(EXTRACTED ENTRIES Opens)

theorem theorem4p2:
  fixes a b c d t :: nat
  assumes "0 < a" "0 < b" "0 < c" "0 < d" "0 < t"
  shows "int (ir [a, b, c, d] t) + int (ir [b, a, d, c] t)
         = Ffun (a + c) (b + d) 0 t + Ffun a b 0 t * Ffun c d 0 t"
proof -
  define n where "n = a + b + c + d"
  define L where "L P = card {x \<in> int_cube {1..n} t.
                    sum x {1..n} = int (t * (b + d)) \<and> P (sum x {1..a+b})}" for P
  have "ir [a, b, c, d] t = L (\<lambda>s. int (t * b) \<le> s)"
    unfolding L_def n_def by (rule ir_two_blocks[OF assms(2,5)])
  moreover have "ir [b, a, d, c] t = L (\<lambda>s. s \<le> int (t * b))"
    unfolding L_def n_def by (rule ir_two_blocks_swapped[OF assms(1,5)])
  moreover have "L (\<lambda>s. int (t * b) \<le> s) + L (\<lambda>s. s \<le> int (t * b))
      = L (\<lambda>_. True) + L (\<lambda>s. s = int (t * b))"
    unfolding L_def
    by (subst card_Un_Int[OF finite_subset[OF _ finite_int_cube] finite_subset[OF _ finite_int_cube]])
       (auto intro!: arg_cong2[where f = "(+)"] arg_cong[where f = card])
  moreover have "int (L (\<lambda>_. True)) = Ffun (a + c) (b + d) 0 t"
    using card_int_cube_level[of "{1..n}" t "t * (b + d)"]
      Ffun_eq_fps_geom_power_nth[of "a + c" "b + d" t] assms
    unfolding L_def n_def by (simp add: ac_simps)
  moreover have "int (L (\<lambda>s. s = int (t * b))) = Ffun a b 0 t * Ffun c d 0 t"
    using card_int_cube_prefix_level[of "a + b" n t "t * b" "t * d"]
      Ffun_eq_fps_geom_power_nth[of a b t] Ffun_eq_fps_geom_power_nth[of c d t] assms
    unfolding L_def n_def by (simp add: algebra_simps)
  ultimately show ?thesis by (metis of_nat_add)
qed

end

(EXTRACTED ENTRIES Closes)

TASK DIRECTIONS » Without skipping anything, transcribe every line above exactly.

RESPONSE AREA »
theorem theorem4p2:
  fixes a b c d t :: nat
  assumes "0 < a" "0 < b" "0 < c" "0 < d" "0 < t"
  shows "int (ir [a, b, c, d] t) + int (ir [b, a, d, c] t)
         = Ffun (a + c) (b + d) 0 t + Ffun a b 0 t * Ffun c d 0 t"
proof -
  define n where "n = a + b + c + d"
  define L where "L P = card {x \<in> int_cube {1..n} t.
                    sum x {1..n} = int (t * (b + d)) \<and> P (sum x {1..a+b})}" for P
  have "ir [a, b, c, d] t = L (\<lambda>s. int (t * b) \<le> s)"
    unfolding L_def n_def by (rule ir_two_blocks[OF assms(2,5)])
  moreover have "ir [b, a, d, c] t = L (\<lambda>s. s \<le> int (t * b))"
    unfolding L_def n_def by (rule ir_two_blocks_swapped[OF assms(1,5)])
  moreover have "L (\<lambda>s. int (t * b) \<le> s) + L (\<lambda>s. s \<le> int (t * b))
      = L (\<lambda>_. True) + L (\<lambda>s. s = int (t * b))"
    unfolding L_def
    by (subst card_Un_Int[OF finite_subset[OF _ finite_int_cube] finite_subset[OF _ finite_int_cube]])
       (auto intro!: arg_cong2[where f = "(+)"] arg_cong[where f = card])
  moreover have "int (L (\<lambda>_. True)) = Ffun (a + c) (b + d) 0 t"
    using card_int_cube_level[of "{1..n}" t "t * (b + d)"]
      Ffun_eq_fps_geom_power_nth[of "a + c" "b + d" t] assms
    unfolding L_def n_def by (simp add: ac_simps)
  moreover have "int (L (\<lambda>s. s = int (t * b))) = Ffun a b 0 t * Ffun c d 0 t"
    using card_int_cube_prefix_level[of "a + b" n t "t * b" "t * d"]
      Ffun_eq_fps_geom_power_nth[of a b t] Ffun_eq_fps_geom_power_nth[of c d t] assms
    unfolding L_def n_def by (simp add: algebra_simps)
  ultimately show ?thesis by (metis of_nat_add)
qed

end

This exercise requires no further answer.